The relationship between the genotypes and traits are visualized in Fig. 1A. These graphs can be interpreted in two ways (Yan et al., 2000; Yan and Tinker, 2006). The GT biplot graph show the relationship of two traits, the relationship of a trait with other traits, or the relationship of genotypes by traits using the angles between the vectors of traits. The Pearson correlation between the two attributes is approached by the cosine of the angle between their vectors. Therefore, the biplot technique indicate that there is a positive relationship between the vectors of two traits as the angle value (>0--<90°) gets narrower, and a negative relationship exists as the angle value (90°>-<180°) gets wider. All interpretations are made according to the angles between the vectors of the traits and the varieties where are located as traits region.

Information about the overall state of the cultivars in terms of their characteristics may be gleaned from the angle that exists between the vector of a cultivar and the traits. As the angle narrows, it means that the cultivars performance is high, and the cultivars perform poorly as the angle opens. The length or brevity of the vector of a cultivar indicates the strength or weakness of the cultivar with respect to all parameters. The YLD was positively correlated with FYLD, NCoc, Elg, GP, HSW and FF, while negatively correlated with FSK, FL (Fig. 1A).

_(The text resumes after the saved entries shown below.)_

lemma ms_execution_sampled_group:
  assumes ex: "ms_execution r k v inp D Q" and dist: "distinct (concat (map inp [0..<r ^ k]))"
    and dvd: "\<forall>t'\<in>{1..k}. \<forall>g' < r ^ (t' - 1). (gsz r k t' * (v + 1)) dvd gtotal r k D t' g'"
    and "0 < r" "t = Suc s" "s < k" "g < r ^ s"
  shows "sampled_group r k v D Q t g"
proof
  show "0 < r" "t \<le> k" using assms by simp_all
  show "distinct (concat (map (D t) (gpes r k t g)))" "\<And>i. i \<in> set (gpes r k t g) \<Longrightarrow> sorted (D t i)"
    using ms_execution_groups_distinct_sorted[OF ex dist] assms by simp_all
  show "\<And>i. i \<in> set (gpes r k t g) \<Longrightarrow> length (Q t i) = num_samples r k v D t g i"
    "\<And>i. i \<in> set (gpes r k t g) \<Longrightarrow> evenly_spaced (length (D t i)) (Q t i)"
    using ex assms(5-7) unfolding ms_execution_def by simp_all
  show "gsz r k t * (v + 1) dvd gtotal r k D t g" using dvd assms(5-7) by simp
qed

lemma ms_execution_gtotal_le:
  assumes ex: "ms_execution r k v inp D Q" and dist: "distinct (concat (map inp [0..<r ^ k]))"
    and dvd: "\<forall>t'\<in>{1..k}. \<forall>g' < r ^ (t' - 1). (gsz r k t' * (v + 1)) dvd gtotal r k D t' g'"
    and "0 < r" "0 < v"
  shows "s < k \<Longrightarrow> g < r ^ s \<Longrightarrow> real (gtotal r k D (Suc s) g)
    \<le> (1 + real r / real v) ^ s * real (\<Sum>i<r ^ k. length (inp i)) / real r ^ s"
proof (induction s arbitrary: g)
  case 0
  have "D (Suc 0) i = sort (inp i)" if "i \<in> set [0..<r ^ k]" for i
    using ex that unfolding ms_execution_def by simp
  then have "gtotal r k D (Suc 0) 0 = (\<Sum>i<r ^ k. length (inp i))"
    by (simp add: gtotal_def gpes_first_level interv_sum_list_conv_sum_set_nat atLeast0LessThan)
  then show ?case using 0 by simp
next
  case (Suc s)
  interpret sampled_group r k v D Q "Suc s" "g div r"
    by (rule ms_execution_sampled_group[OF ex dist dvd \<open>0 < r\<close> refl])
      (use Suc.prems div_less_power_if_less_Suc_power in auto)
  have "gtotal r k D (Suc (Suc s)) g = length (bucket r k D Q (Suc s) (g div r) (g mod r))"
    using ms_execution_next_level(1)[OF ex _ Suc.prems] unfolding gtotal_eq_length_concat
    by (metis size_mset zero_less_Suc)
  then show ?case
    using length_bucket_le_power Suc div_less_power_if_less_Suc_power \<open>0 < r\<close> \<open>0 < v\<close> by simp
qed

theorem lemma2:
  fixes p r k v t g j :: nat
    and inp :: "nat \<Rightarrow> 'a::linorder list"
    and D :: "nat \<Rightarrow> nat \<Rightarrow> 'a list"
    and Q :: "nat \<Rightarrow> nat \<Rightarrow> nat list"
  assumes "k \<ge> 1" and "r \<ge> 1" and "p = r ^ k" and "v > 0"
    and "distinct (concat (map inp [0..<p]))"
    and "ms_execution r k v inp D Q"
    and "\<forall>t'\<in>{1..k}. \<forall>g' < r ^ (t' - 1). (gsz r k t' * (v + 1)) dvd gtotal r k D t' g'"
    and "1 \<le> t" and "t \<le> k" and "g < r ^ (t - 1)" and "j < r"
  shows "real (length (bucket r k D Q t g j))
           \<le> (1 + real r / real v) ^ t * real (\<Sum>i<p. length (inp i)) / real r ^ t"
proof -
  obtain s where t: "t = Suc s" using \<open>1 \<le> t\<close> by (cases t) auto
  have "0 < r" using \<open>r \<ge> 1\<close> by simp
  have "s < k" "g < r ^ s" using \<open>t \<le> k\<close> \<open>g < r ^ (t - 1)\<close> t by simp_all
  interpret sampled_group r k v D Q t g
    using ms_execution_sampled_group[OF assms(6) _ assms(7) \<open>0 < r\<close> t \<open>s < k\<close> \<open>g < r ^ s\<close>] assms(3,5)
    by simp
  show ?thesis
    using length_bucket_le_power[OF \<open>j < r\<close> \<open>v > 0\<close>] t assms(3,5)
      ms_execution_gtotal_le[OF assms(6) _ assms(7) \<open>0 < r\<close> \<open>v > 0\<close> \<open>s < k\<close> \<open>g < r ^ s\<close>]
    by simp
qed

end
(* Let $W$ be a Banach space and $V=W^*$ its dual Banach space; write $(V,\|\cdot\|)$ for $V$ with the norm topology and $(V,w^* )$ for $V$ with the weak$^*$ topology. Let $X$ be a connected, locally connected, Hausdorff, normal, first countable topological space and $f:X\to V$ a map such that $f:X\to(V,\|\cdot\|)$ is continuous, has local convexity data and is locally fiber connected, and $f:X\to(V,w^* )$ is closed. Then $\tilde f:X_f\to V$ is a proper map with respect to both topologies on $V$, and for every $[x]\in X_f$ and $r>0$ the set $B_r([x]):=\{[y]\in X_f\mid d([x],[y])\le r\}$ is compact in $X_f$.
   Context: Local convexity data and local fiber connectedness are taken with respect to the norm topology of $V$. A subset $C\subset V$ is a cone with vertex $v_0$ if $v_0\in C$ and $(1-\lambda)v_0+\lambda v\in C$ for every $\lambda\ge 0$ and every $v\in C$, $v\ne v_0$; it is a convex cone if it is moreover convex. A continuous map $f:X\to V$ has local convexity data if for each $x\in X$ and every sufficiently small open neighborhood $U_x$ of $x$ there is a convex cone $C_x\subset V$ with vertex $f(x)$, endowed with the subspace topology from $V$, such that (VN) $f(U_x)\subset C_x$ and $f(U_x)$ is a neighborhood of $f(x)$ in $C_x$; and (SLO) $f|_{U_x}:U_x\to C_x$ is an open map, and for every neighborhood $U'_x\subset U_x$ of $x$ the set $f(U'_x)$ is a neighborhood of $f(x)$ in $C_x$. A subset $A\subset X$ satisfies condition (LFC) if for every $a\in A$, the set $A$ does not intersect two different connected components of the fiber $f^{-1}(f(a))$. The map $f$ is locally fiber connected if for every $x\in X$, every open neighborhood of $x$ contains a neighborhood $U_x$ of $x$ satisfying (LFC). Declare $x\sim y$ in $X$ iff $f(x)=f(y)$ and $x,y$ lie in the same connected component of $f^{-1}(f(x))$; $X_f:=X/\!\sim$ with the quotient topology, $\pi_f:X\to X_f$ is the projection and $\tilde f:X_f\to V$ is the unique map with $\tilde f\circ\pi_f=f$. The distance $d$ on $X_f$: $d([x],[y])$ is the infimum of the lengths $l(\tilde f\circ\gamma)$, measured with the norm distance of $V$, over all continuous curves $\gamma:[a,b]\to X_f$ with $\gamma(a)=[x]$, $\gamma(b)=[y]$. A continuous map between Hausdorff spaces is proper if it is closed and all its fibers are compact. *)

theory Defs
  imports "HOL-Analysis.Analysis"
begin

definition weak_star_topology :: "('w::real_normed_vector \<Rightarrow>\<^sub>L real) topology" where
  "weak_star_topology =
     pullback_topology UNIV (\<lambda>\<phi> w. blinfun_apply \<phi> w) (product_topology (\<lambda>_. euclideanreal) UNIV)"

definition nbhd_in :: "'a topology \<Rightarrow> 'a \<Rightarrow> 'a set \<Rightarrow> bool" where
  "nbhd_in T p S \<longleftrightarrow> (\<exists>G. openin T G \<and> p \<in> G \<and> G \<subseteq> S)"

definition is_cone_with_vertex :: "'v::real_vector set \<Rightarrow> 'v \<Rightarrow> bool" where
  "is_cone_with_vertex C v0 \<longleftrightarrow> v0 \<in> C \<and>
     (\<forall>t::real. \<forall>v\<in>C. t \<ge> 0 \<and> v \<noteq> v0 \<longrightarrow> (1 - t) *\<^sub>R v0 + t *\<^sub>R v \<in> C)"

definition is_convex_cone_with_vertex :: "'v::real_vector set \<Rightarrow> 'v \<Rightarrow> bool" where
  "is_convex_cone_with_vertex C v0 \<longleftrightarrow> is_cone_with_vertex C v0 \<and> convex C"

definition has_local_convexity_data :: "'a topology \<Rightarrow> ('a \<Rightarrow> 'v::real_normed_vector) \<Rightarrow> bool" where
  "has_local_convexity_data X f \<longleftrightarrow>
     (\<forall>x\<in>topspace X. \<exists>N. openin X N \<and> x \<in> N \<and>
        (\<forall>U. openin X U \<and> x \<in> U \<and> U \<subseteq> N \<longrightarrow>
           (\<exists>C. is_convex_cone_with_vertex C (f x) \<and>
                f ` U \<subseteq> C \<and>
                nbhd_in (subtopology euclidean C) (f x) (f ` U) \<and>
                open_map (subtopology X U) (subtopology euclidean C) f \<and>
                (\<forall>U'. U' \<subseteq> U \<and> nbhd_in X x U' \<longrightarrow>
                       nbhd_in (subtopology euclidean C) (f x) (f ` U')))))"

definition fiber :: "'a topology \<Rightarrow> ('a \<Rightarrow> 'v) \<Rightarrow> 'v \<Rightarrow> 'a set" where
  "fiber X f v = {z \<in> topspace X. f z = v}"

definition LFC :: "'a topology \<Rightarrow> ('a \<Rightarrow> 'v) \<Rightarrow> 'a set \<Rightarrow> bool" where
  "LFC X f A \<longleftrightarrow>
     (\<forall>a\<in>A. \<forall>y\<in>A. \<forall>z\<in>A. f y = f a \<and> f z = f a \<longrightarrow>
        connected_component_of (subtopology X (fiber X f (f a))) y z)"

definition locally_fiber_connected :: "'a topology \<Rightarrow> ('a \<Rightarrow> 'v) \<Rightarrow> bool" where
  "locally_fiber_connected X f \<longleftrightarrow>
     (\<forall>x\<in>topspace X. \<forall>G. openin X G \<and> x \<in> G \<longrightarrow>
        (\<exists>U. U \<subseteq> G \<and> nbhd_in X x U \<and> LFC X f U))"

definition fclass :: "'a topology \<Rightarrow> ('a \<Rightarrow> 'v) \<Rightarrow> 'a \<Rightarrow> 'a set" where
  "fclass X f x = {y. f y = f x \<and> connected_component_of (subtopology X (fiber X f (f x))) x y}"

On the other hand, cultivar ‘DP396′ was associated with YLD, FYLD and NCoc, ‘Teksa 450′ with FL, and ‘BA440′ with other traits, i.e., FSK, Elg, GP, HGW and FF. It was understood that cultivars significantly differed for the studied traits.

Fig. 1B visualizes the effect of traits by biplot polygon which genotype wins where. The axis from the center of the graph is divided by bold lines, and the region separated by both bold lines is called the “sector” and starts at the bottom right of the graph sorted by numbers. If the varieties and traits are in the same sector, they are linked (Yan and Tinker, 2006). The Fig. 1B is divided into main 3 sectors. The cultivar ‘DP396’ was in sector 1 with YLD, FYLD and NCoc, whereas ‘Teksa 450’ was in sector 2 with FL. Similarly, cultivar ‘BA440’ was in sector 3 with FSK, Elg, GP, HGW and FF.

Fig. 1C visualized the stability and performance of the cultivars. If the genotypes are located below the vertical axis, these cannot be preferred, and those located above the vertical axis are preferable varieties. The varieties close to or in the middle of the horizontal line (stability line) are stable, while those located away from the horizontal line are unstable (Yan and Rajcan, 2002). Thus, cultivars ‘DP396′, ‘BA440′ and ‘Teksa 450′ were unstable, as they were located far from the center of the horizontal axis. On the other hand, ‘Teksa 450′ was unpredictable cultivar as it was located under the vertical axis line. The cultivars ‘DP396′ and ‘BA440′ were located above vertical line; therefore, these are preferable based on traits (Fig. 3B).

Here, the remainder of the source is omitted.